CVAIDec 15, 2022

Learning to Detect Semantic Boundaries with Image-level Class Labels

arXiv:2212.07579v13 citationsh-index: 33
Originality Incremental advance
AI Analysis

This work addresses the problem of reducing annotation costs for semantic boundary detection in computer vision, though it is incremental as it builds on existing classification networks and MIL strategies.

The paper tackles semantic boundary detection using only image-level class labels for supervision, formulating it as a multiple instance learning problem and training a model that generates pseudo labels, achieving competitive performance on the SBD dataset compared to methods with stronger supervision.

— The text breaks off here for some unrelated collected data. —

lemma invariant_dist_pos:
  assumes "invariant_dist G m" "reversible G m" "irreducible_rates G"
  shows "m x > 0"
proof -
  have nonneg: "\<forall>x. m x \<ge> 0" and "sum m UNIV = 1"
    using assms(1) by (auto simp: invariant_dist_def pdist_def)
  then obtain x0 where x0: "m x0 > 0"
    by (metis less_eq_real_def sum.neutral zero_neq_one)
  have "(x0, x) \<in> {(a, b). a \<noteq> b \<and> G a b > 0}\<^sup>*"
    using assms(3) by (simp add: irreducible_rates_def)
  then show ?thesis
  proof (induction rule: rtrancl_induct)
    case (step a b)
    then have "m b * G b a > 0"
      using assms(2) unfolding reversible_def by (metis case_prodD mem_Collect_eq mult_pos_pos)
    then show ?case
      using nonneg by (metis less_eq_real_def mult_eq_0_iff)
  qed (rule x0)
qed

context
  fixes m :: "'a::finite \<times> 'a \<Rightarrow> real"
  assumes m_pos: "\<forall>x. m x > 0"
begin

lemma add_swp_pos: "m x + m (swp x) > 0"
  using m_pos by (metis add_pos_pos)

lemma rho_mult_mubar:
  "rho m x * mubar m x = m x / 2"
  "rho m (swp x) * mubar m x = m (swp x) / 2"
  using add_swp_pos[of x] unfolding rho_def mubar_def by (simp_all add: add.commute)

lemma mubar_swp: "mubar m (swp x) = mubar m x"
  unfolding mubar_def by (simp add: add.commute)

lemma mubar_pos: "mubar m x > 0"
  using add_swp_pos[of x] unfolding mubar_def by simp

lemma Mmap_quotient:
  "Mmap m \<nu> x / m x = (\<nu> x + \<nu> (swp x)) / (m x + m (swp x))"
  using m_pos[rule_format, of x] add_swp_pos[of x] by (simp add: Mmap_def rho_def)

lemma Mmap_quotient_swp: "Mmap m \<nu> (swp x) / m (swp x) = Mmap m \<nu> x / m x"
  by (simp add: Mmap_quotient add.commute)

lemma sum_qrate_Gamma_inf:
  "(\<Sum>x\<in>UNIV. qrate (Gamma_inf G1 G2 m) x * (\<nu> x / mubar m x) * mubar m x)
     = (\<Sum>x\<in>UNIV. qrate (Gamma_unc G1 G2) x * Mmap m \<nu> x)"
proof -
  define q where "q = qrate (Gamma_unc G1 G2)"
  have "qrate (Gamma_inf G1 G2 m) x = rho m x * q x + rho m (swp x) * q (swp x)" for x
    using sum_Diff_swp[of "Gamma_unc G1 G2 (swp x)" x]
    unfolding qrate_def q_def Gamma_inf_eq_rho_Gamma_unc
    by (simp add: sum.distrib sum_distrib_left[symmetric])
  then have "(\<Sum>x\<in>UNIV. qrate (Gamma_inf G1 G2 m) x * (\<nu> x / mubar m x) * mubar m x)
      = (\<Sum>x\<in>UNIV. rho m x * q x * \<nu> x) + (\<Sum>x\<in>UNIV. rho m (swp x) * q (swp x) * \<nu> x)"
    using mubar_pos by (simp add: sum.distrib[symmetric] algebra_simps less_imp_neq[symmetric])
  also have "(\<Sum>x\<in>UNIV. rho m (swp x) * q (swp x) * \<nu> x) = (\<Sum>x\<in>UNIV. rho m x * q x * \<nu> (swp x))"
    using sum_swp[of "\<lambda>x. rho m x * q x * \<nu> (swp x)"] by simp
  finally show ?thesis
    unfolding q_def Mmap_def by (simp add: sum.distrib[symmetric] algebra_simps)
qed

lemma sqrt_form_Gamma_inf:
  "sqrt_form (Gamma_inf G1 G2 m) (mubar m) \<theta>
     = (sqrt_form (Gamma_unc G1 G2) m \<theta> + sqrt_form (Gamma_unc G1 G2) m (\<theta> \<circ> swp)) / 2"
proof -
  define U where "U = Gamma_unc G1 G2"
  define t where "t x y = sqrt (\<theta> x) * sqrt (\<theta> y)" for x y
  have "t x y * Gamma_inf G1 G2 m x y * mubar m x
      = t x y * U x y * (rho m x * mubar m x) + t x y * U (swp x) (swp y) * (rho m (swp x) * mubar m x)"
    for x y
    unfolding Gamma_inf_eq_rho_Gamma_unc U_def by (simp add: algebra_simps)
  then have "t x y * Gamma_inf G1 G2 m x y * mubar m x
      = t x y * U x y * m x / 2 + t x y * U (swp x) (swp y) * m (swp x) / 2" for x y
    unfolding rho_mult_mubar by simp
  then have "sqrt_form (Gamma_inf G1 G2 m) (mubar m) \<theta>
      = sqrt_form U m \<theta> / 2
        + (\<Sum>x\<in>UNIV. \<Sum>y\<in>UNIV - {x}. t (swp (swp x)) (swp (swp y)) * U (swp x) (swp y) * m (swp x) / 2)"
    unfolding sqrt_form_def t_def by (simp add: sum.distrib sum_divide_distrib)
  also have "(\<Sum>x\<in>UNIV. \<Sum>y\<in>UNIV - {x}. t (swp (swp x)) (swp (swp y)) * U (swp x) (swp y) * m (swp x) / 2)
      = sqrt_form U m (\<theta> \<circ> swp) / 2"
    using sum_sum_Diff_swp[of "\<lambda>x y. t (swp x) (swp y) * U x y * m x / 2"]
    unfolding sqrt_form_def t_def by (simp add: sum_divide_distrib)
  finally show ?thesis
    unfolding U_def by simp
qed

lemma Jfun_eq_sqrt_form:
  "Jfun G1 G2 m \<nu> = (\<Sum>x\<in>UNIV. qrate (Gamma_unc G1 G2) x * Mmap m \<nu> x)
     - (sqrt_form (Gamma_unc G1 G2) m \<theta> + sqrt_form (Gamma_unc G1 G2) m (\<theta> \<circ> swp)) / 2"
  if "\<theta> = (\<lambda>x. \<nu> x / mubar m x)"
  using that sum_qrate_Gamma_inf sqrt_form_Gamma_inf
  unfolding Jfun_def Let_def sqrt_form_def[symmetric] by simp

lemma sqrt_form_swp_le:
  assumes U_nonneg: "\<And>x y. y \<noteq> x \<Longrightarrow> 0 \<le> U x y"
    and \<theta>_nonneg: "\<And>x. 0 \<le> \<theta> x"
    and \<theta>_add_swp: "\<And>x. \<theta> x + \<theta> (swp x) = 2 * f x"
  shows "sqrt_form U m \<theta> + sqrt_form U m (\<theta> \<circ> swp) \<le> 2 * sqrt_form U m f"
proof -
  have pair_le: "sqrt (\<theta> x) * sqrt (\<theta> y) + sqrt (\<theta> (swp x)) * sqrt (\<theta> (swp y))
      \<le> 2 * (sqrt (f x) * sqrt (f y))" for x y
  proof -
    have "sqrt (\<theta> x) * sqrt (\<theta> y) + sqrt (\<theta> (swp x)) * sqrt (\<theta> (swp y))
        \<le> sqrt (2 * f x) * sqrt (2 * f y)"
      unfolding \<theta>_add_swp[symmetric] by (rule sqrt_mult_add_le) (simp_all add: \<theta>_nonneg)
    also have "\<dots> = 2 * (sqrt (f x) * sqrt (f y))"
      by (simp add: real_sqrt_mult)
    finally show ?thesis .
  qed
  have "sqrt (\<theta> x) * sqrt (\<theta> y) * U x y * m x + sqrt (\<theta> (swp x)) * sqrt (\<theta> (swp y)) * U x y * m x
      \<le> 2 * (sqrt (f x) * sqrt (f y) * U x y * m x)" if "y \<noteq> x" for x y
  proof -
    have "0 \<le> U x y * m x"
      using U_nonneg[OF that] m_pos[rule_format, of x] by simp
    from mult_right_mono[OF pair_le this] show ?thesis
      by (simp add: algebra_simps)
  qed
  then show ?thesis
    unfolding sqrt_form_def sum_distrib_left sum.distrib[symmetric] comp_def
    by (intro sum_mono) auto
qed

end

lemma Jfun_ge_I_inf_value:
  assumes m_pos: "\<forall>x. m x > 0" and "intensity_matrix G1" "intensity_matrix G2"
    and \<nu>_nonneg: "\<forall>x. \<nu> x \<ge> 0"
  shows "(\<Sum>x\<in>UNIV. qrate (Gamma_unc G1 G2) x * Mmap m \<nu> x)
      - sqrt_form (Gamma_unc G1 G2) m (\<lambda>x. Mmap m \<nu> x / m x) \<le> Jfun G1 G2 m \<nu>"
proof -
  define \<theta> where "\<theta> = (\<lambda>x. \<nu> x / mubar m x)"
  have \<theta>_add_swp: "\<theta> x + \<theta> (swp x) = 2 * (Mmap m \<nu> x / m x)" for x
    unfolding \<theta>_def Mmap_quotient[OF m_pos] mubar_swp[OF m_pos] mubar_def
    by (simp add: add_divide_distrib[symmetric] add.commute)
  have \<theta>_nonneg: "0 \<le> \<theta> x" for x
    unfolding \<theta>_def using \<nu>_nonneg[rule_format, of x] mubar_pos[OF m_pos, of x] by simp
  have U_nonneg: "y \<noteq> x \<Longrightarrow> 0 \<le> Gamma_unc G1 G2 x y" for x y
    using Gamma_unc_nonneg assms(2,3) .
  have "sqrt_form (Gamma_unc G1 G2) m \<theta> + sqrt_form (Gamma_unc G1 G2) m (\<theta> \<circ> swp)
      \<le> 2 * sqrt_form (Gamma_unc G1 G2) m (\<lambda>x. Mmap m \<nu> x / m x)"
    using sqrt_form_swp_le[OF m_pos, where U="Gamma_unc G1 G2" and \<theta>=\<theta> and f="\<lambda>x. Mmap m \<nu> x / m x"]
      U_nonneg \<theta>_nonneg \<theta>_add_swp by blast
  then show ?thesis
    unfolding Jfun_eq_sqrt_form[OF m_pos \<theta>_def] by simp
qed

lemma symmetrization_attains_I_inf_value:
  assumes m_pos: "\<forall>x. m x > 0" and "pdist \<gamma>"
    and sym: "\<forall>x. \<gamma> x / m x = \<gamma> (swp x) / m (swp x)"
  defines "\<nu> \<equiv> \<lambda>x. (\<gamma> x + \<gamma> (swp x)) / 2"
  shows "pdist \<nu>" and "Mmap m \<nu> = \<gamma>"
    and "Jfun G1 G2 m \<nu> = (\<Sum>x\<in>UNIV. qrate (Gamma_unc G1 G2) x * \<gamma> x)
      - sqrt_form (Gamma_unc G1 G2) m (\<lambda>x. \<gamma> x / m x)"
proof -
  have \<gamma>_add_swp: "\<gamma> x + \<gamma> (swp x) = \<gamma> x / m x * (m x + m (swp x))" for x
  proof -
    have "\<gamma> (swp x) = \<gamma> x / m x * m (swp x)"
      using sym[rule_format, of x] m_pos[rule_format, of "swp x"] by (simp add: field_simps)
    then show ?thesis
      using m_pos[rule_format, of x] by (simp add: distrib_left)
  qed
  show "pdist \<nu>"
    using assms(2) sum_swp[of \<gamma>] unfolding pdist_def \<nu>_def
    by (auto simp: sum.distrib sum_divide_distrib[symmetric] swp_def intro!: add_nonneg_nonneg)
  show M: "Mmap m \<nu> = \<gamma>"
  proof
    fix x
    show "Mmap m \<nu> x = \<gamma> x"
      using m_pos[rule_format, of x] add_swp_pos[OF m_pos, of x]
      unfolding Mmap_def rho_def \<nu>_def swp_swp add_divide_distrib[symmetric] add.commute[of "\<gamma> (swp x)"]
      by (simp add: \<gamma>_add_swp)
  qed
  have \<theta>_eq: "\<nu> x / mubar m x = \<gamma> x / m x" for x
    using add_swp_pos[OF m_pos, of x] unfolding \<nu>_def mubar_def \<gamma>_add_swp by simp
  then have "(\<lambda>x. \<nu> x / mubar m x) \<circ> swp = (\<lambda>x. \<gamma> x / m x)"
    using sym by (auto simp: fun_eq_iff)
  then show "Jfun G1 G2 m \<nu> = (\<Sum>x\<in>UNIV. qrate (Gamma_unc G1 G2) x * \<gamma> x)
      - sqrt_form (Gamma_unc G1 G2) m (\<lambda>x. \<gamma> x / m x)"
    using Jfun_eq_sqrt_form[OF m_pos refl, of G1 G2 \<nu>] \<theta>_eq
    unfolding M by simp
qed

This paper presents the first attempt to learn semantic boundary detection using image-level class labels as supervision. Our method starts by estimating coarse areas of object classes through attentions drawn by an image classification network. Since boundaries will locate somewhere between such areas of different classes, our task is formulated as a multiple instance learning (MIL) problem, where pixels on a line segment connecting areas of two different classes are regarded as a bag of boundary candidates. Moreover, we design a new neural network architecture that can learn to estimate semantic boundaries reliably even with uncertain supervision given by the MIL strategy. Our network is used to generate pseudo semantic boundary labels of training images, which are in turn used to train fully supervised models. The final model trained with our pseudo labels achieves an outstanding performance on the SBD dataset, where it is as competitive as some of previous arts trained with stronger supervision.